Нельзя было, конечно, так легко соглашаться. Пусть бы обидчики немного повалялись у нас в ногах. Пусть бы дали гарантии безопасности для меня и Ирлеф. Пусть бы выставили бочку зелейника. Но уж больно жалкий вид имел поминутно харкающий кровью Блюститель Ремесел. Что с бедняги взять? Да его, наверное, и послали специально, чтобы вызвать во мне сострадание.
— Тогда сделай все возможное, чтобы Сокрушение больше не затронуло бастионы, — тихо попросил он. — Дитсы умеют ценить верную службу.
— Как же, так я вам и поверил…
— Тогда уважь мою просьбу. Умирающему нельзя отказывать…
С бастиона, на который Хавр призывал Сокрушение, открывался замечательный вид на город и его окрестности, людные, как никогда раньше. У возведенной на месте ворот насыпи, гораздо более уязвимой, чем крутые каменные стены, продолжался бой, но густой дым догорающих огнеметных машин не позволял рассмотреть подробности.
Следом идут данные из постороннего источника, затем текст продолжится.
(* For all positive integers $i,j$ and nonnegative integers $k$ such that $(i-k-2)(j-k-2)\geq (k+1)^2$, we have $R_k^{\mathcal{SP}}(i,j)=i+j-1$, where $\mathcal{SP}$ is the class of split graphs.
   Context: All graphs are finite and simple. For a graph $G$ and a nonnegative integer $k$, a $k$-sparse $j$-set is a set of $j$ vertices of $G$ inducing a subgraph of maximum degree at most $k$; a $k$-dense $i$-set is a set of $i$ vertices of $G$ that is $k$-sparse in the complement of $G$. For a graph class $\mathcal{G}$, $R_k^{\mathcal{G}}(i,j)$ is the smallest natural number $n$ such that every graph on $n$ vertices in $\mathcal{G}$ has either a $k$-dense $i$-set or a $k$-sparse $j$-set. A split graph is a graph whose vertex set can be partitioned into a clique and an independent set. *)

theory Defs
  imports Main
begin

text \<open>A finite simple graph with vertex set V and adjacency relation E
  (only the values of E on V matter).\<close>
definition simple_graph :: "'a set \<Rightarrow> ('a \<Rightarrow> 'a \<Rightarrow> bool) \<Rightarrow> bool" where
  "simple_graph V E \<longleftrightarrow> finite V \<and> (\<forall>u\<in>V. \<forall>v\<in>V. E u v \<longleftrightarrow> E v u) \<and> (\<forall>v\<in>V. \<not> E v v)"

definition compl_adj :: "('a \<Rightarrow> 'a \<Rightarrow> bool) \<Rightarrow> 'a \<Rightarrow> 'a \<Rightarrow> bool" where
  "compl_adj E u v \<longleftrightarrow> u \<noteq> v \<and> \<not> E u v"

definition k_sparse_set :: "'a set \<Rightarrow> ('a \<Rightarrow> 'a \<Rightarrow> bool) \<Rightarrow> nat \<Rightarrow> nat \<Rightarrow> 'a set \<Rightarrow> bool" where
  "k_sparse_set V E k j S \<longleftrightarrow> S \<subseteq> V \<and> card S = j \<and> (\<forall>v\<in>S. card {u\<in>S. E v u} \<le> k)"

definition k_dense_set :: "'a set \<Rightarrow> ('a \<Rightarrow> 'a \<Rightarrow> bool) \<Rightarrow> nat \<Rightarrow> nat \<Rightarrow> 'a set \<Rightarrow> bool" where
  "k_dense_set V E k i S \<longleftrightarrow> k_sparse_set V (compl_adj E) k i S"

definition split_graph :: "'a set \<Rightarrow> ('a \<Rightarrow> 'a \<Rightarrow> bool) \<Rightarrow> bool" where
  "split_graph V E \<longleftrightarrow> (\<exists>C I. C \<union> I = V \<and> C \<inter> I = {} \<and>
      (\<forall>u\<in>C. \<forall>v\<in>C. u \<noteq> v \<longrightarrow> E u v) \<and> (\<forall>u\<in>I. \<forall>v\<in>I. \<not> E u v))"

definition ramsey_k :: "(nat set \<Rightarrow> (nat \<Rightarrow> nat \<Rightarrow> bool) \<Rightarrow> bool) \<Rightarrow> nat \<Rightarrow> nat \<Rightarrow> nat \<Rightarrow> nat" where
  "ramsey_k cls k i j = (LEAST n. \<forall>E. simple_graph {0..<n} E \<and> cls {0..<n} E \<longrightarrow>
      (\<exists>S. k_dense_set {0..<n} E k i S) \<or> (\<exists>S. k_sparse_set {0..<n} E k j S))"

end

theory Submission
  imports Defs
begin

text \<open>A split graph on \<open>i + j - 1\<close> vertices has a clique of size \<open>i\<close> or an independent
  set of size \<open>j\<close>, which are \<open>0\<close>-dense resp. \<open>0\<close>-sparse. For the lower bound take a clique
  of \<open>m = i - 1\<close> vertices and an independent set of \<open>l = j - 1\<close> vertices, and join the
  clique vertex \<open>u\<close> to the window of \<open>k + 1\<close> consecutive residues mod \<open>l\<close> starting at
  \<open>u (k + 1)\<close>. Every clique vertex gets exactly \<open>k + 1\<close> independent neighbours, and since
  the windows of the clique vertices tile \<open>[0, m (k + 1))\<close>, every independent vertex has at
  most \<open>\<lceil>m (k + 1) / l\<rceil> \<le> m - k - 1\<close> clique neighbours; apart from the trivial case
  \<open>i = j = 1\<close>, the last inequality is the hypothesis \<open>(i - k - 2) (j - k - 2) \<ge> (k + 1)\<^sup>2\<close>.
  Hence an \<open>i\<close>-set, which contains an independent vertex, is not \<open>k\<close>-dense, and a \<open>j\<close>-set,
  which contains a clique vertex, is not \<open>k\<close>-sparse.\<close>

lemma ramsey_k_eqI:
  assumes "\<And>E. simple_graph {0..<N} E \<Longrightarrow> cls {0..<N} E \<Longrightarrow>
      (\<exists>S. k_dense_set {0..<N} E k i S) \<or> (\<exists>S. k_sparse_set {0..<N} E k j S)"
    and "\<And>n. n < N \<Longrightarrow> \<exists>E. simple_graph {0..<n} E \<and> cls {0..<n} E \<and>
      (\<forall>S. \<not> k_dense_set {0..<n} E k i S) \<and> (\<forall>S. \<not> k_sparse_set {0..<n} E k j S)"
  shows "ramsey_k cls k i j = N"
  unfolding ramsey_k_def
proof (rule Least_equality)
  show "\<forall>E. simple_graph {0..<N} E \<and> cls {0..<N} E \<longrightarrow>
      (\<exists>S. k_dense_set {0..<N} E k i S) \<or> (\<exists>S. k_sparse_set {0..<N} E k j S)"
    using assms(1) by blast
next
  fix n
  assume "\<forall>E. simple_graph {0..<n} E \<and> cls {0..<n} E \<longrightarrow>
      (\<exists>S. k_dense_set {0..<n} E k i S) \<or> (\<exists>S. k_sparse_set {0..<n} E k j S)"
  then show "N \<le> n"
    using assms(2) by (meson not_le)
qed

lemma k_dense_set_of_clique:
  assumes "S \<subseteq> V" and "\<forall>u\<in>S. \<forall>v\<in>S. u \<noteq> v \<longrightarrow> E u v"
  shows "k_dense_set V E k (card S) S"
proof -
  have "card {u\<in>S. compl_adj E v u} = 0" if "v \<in> S" for v
    using assms(2) that by (auto simp: compl_adj_def card_eq_0_iff)
  then show ?thesis
    using assms(1) by (auto simp: k_dense_set_def k_sparse_set_def)
qed

lemma k_sparse_set_of_independent:
  assumes "S \<subseteq> V" and "\<forall>u\<in>S. \<forall>v\<in>S. \<not> E u v"
  shows "k_sparse_set V E k (card S) S"
proof -
  have "card {u\<in>S. E v u} = 0" if "v \<in> S" for v
    using assms(2) that by (auto simp: card_eq_0_iff)
  then show ?thesis
    using assms(1) by (auto simp: k_sparse_set_def)
qed

lemma split_graph_dense_or_sparse:
  assumes "split_graph V E" and "finite V" and "i + j \<le> card V + 1"
  shows "(\<exists>S. k_dense_set V E k i S) \<or> (\<exists>S. k_sparse_set V E k j S)"
proof -
  obtain C I where CI: "C \<union> I = V" "C \<inter> I = {}"
    and clique: "\<forall>u\<in>C. \<forall>v\<in>C. u \<noteq> v \<longrightarrow> E u v" and indep: "\<forall>u\<in>I. \<forall>v\<in>I. \<not> E u v"
    using assms(1) unfolding split_graph_def by blast
  have "card C + card I = card V"
    using CI assms(2) by (metis card_Un_disjoint finite_Un)
  then consider "i \<le> card C" | "j \<le> card I"
    using assms(3) by linarith
  then show ?thesis
  proof cases
    case 1
    then obtain S where "S \<subseteq> C" "card S = i"
      by (rule obtain_subset_with_card_n)
    then have "k_dense_set V E k i S"
      using k_dense_set_of_clique[of S V E k] CI(1) clique by blast
    then show ?thesis by blast
  next
    case 2
    then obtain S where "S \<subseteq> I" "card S = j"
      by (rule obtain_subset_with_card_n)
    then have "k_sparse_set V E k j S"
      using k_sparse_set_of_independent[of S V E k] CI(1) indep by blast
    then show ?thesis by blast
  qed
qed

definition cyclic_window :: "nat \<Rightarrow> nat \<Rightarrow> nat \<Rightarrow> nat \<Rightarrow> bool" where
  "cyclic_window k l u w \<longleftrightarrow> (\<exists>r<k+1. (u * (k+1) + r) mod l = w)"

lemma mod_add_left_cancel_less:
  fixes a x y l :: nat
  assumes "(a + x) mod l = (a + y) mod l" and "x < l" and "y < l"
  shows "x = y"
proof -
  have "x = y" if eq: "(a + x) mod l = (a + y) mod l" and "x \<le> y" and "y < l" for x y
  proof -
    obtain s where "a + y = a + x + l * s"
      using mod_eq_nat1E[of "a + y" l "a + x"] eq \<open>x \<le> y\<close> by auto
    then have "y = x + l * s"
      by simp
    moreover from this \<open>y < l\<close> have "s = 0"
      by (cases s) auto
    ultimately show ?thesis
      by simp
  qed
  then show ?thesis
    using assms by (metis nat_le_linear)
qed

lemma card_cyclic_window:
  assumes "k + 1 \<le> l"
  shows "card {w. w < l \<and> cyclic_window k l u w} = k + 1"
proof -
  have "inj_on (\<lambda>r. (u * (k+1) + r) mod l) {..<k+1}"
  proof (rule inj_onI)
    fix x y
    assume "x \<in> {..<k+1}" "y \<in> {..<k+1}" "(u * (k+1) + x) mod l = (u * (k+1) + y) mod l"
    then show "x = y"
      using assms by (intro mod_add_left_cancel_less[of "u * (k+1)" x l y]) auto
  qed
  moreover have "{w. w < l \<and> cyclic_window k l u w} = (\<lambda>r. (u * (k+1) + r) mod l) ` {..<k+1}"
    using assms by (auto simp: cyclic_window_def)
  ultimately show ?thesis
    by (simp add: card_image)
qed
Зато предполье, на котором сначала полегла легкая пехота Замухрышки, а потом предпринявшие вылазку дитсы, имело вид, способный усладить сердце самого взыскательного художника-баталиста. Здесь были представлены трупы на любой вкус — обгоревшие, распотрошенные, обезглавленные, обваренные травилом, разрубленные вдоль и поперек. Одни, приняв в момент смерти самые невероятные позы, лежали поодиночке, другие громоздились кучами. Многих уже успели раздеть и ограбить мародеры. Центром этой композиции, естественно, являлся картинно рухнувший знаменосец, накрытый складками своего обгоревшего и продырявленного стяга. Издали все это казалось пестрой и совсем не страшной иллюстрацией из учебника средневековой истории. Для того чтобы осознать ужас и противоестественность происходящего смертоубийства, нужно было заглянуть в глаза павшим, вдохнуть витающий над ними тяжкий запах бойни, стереть со своих сапог случайно забрызгавшие их чужие мозги.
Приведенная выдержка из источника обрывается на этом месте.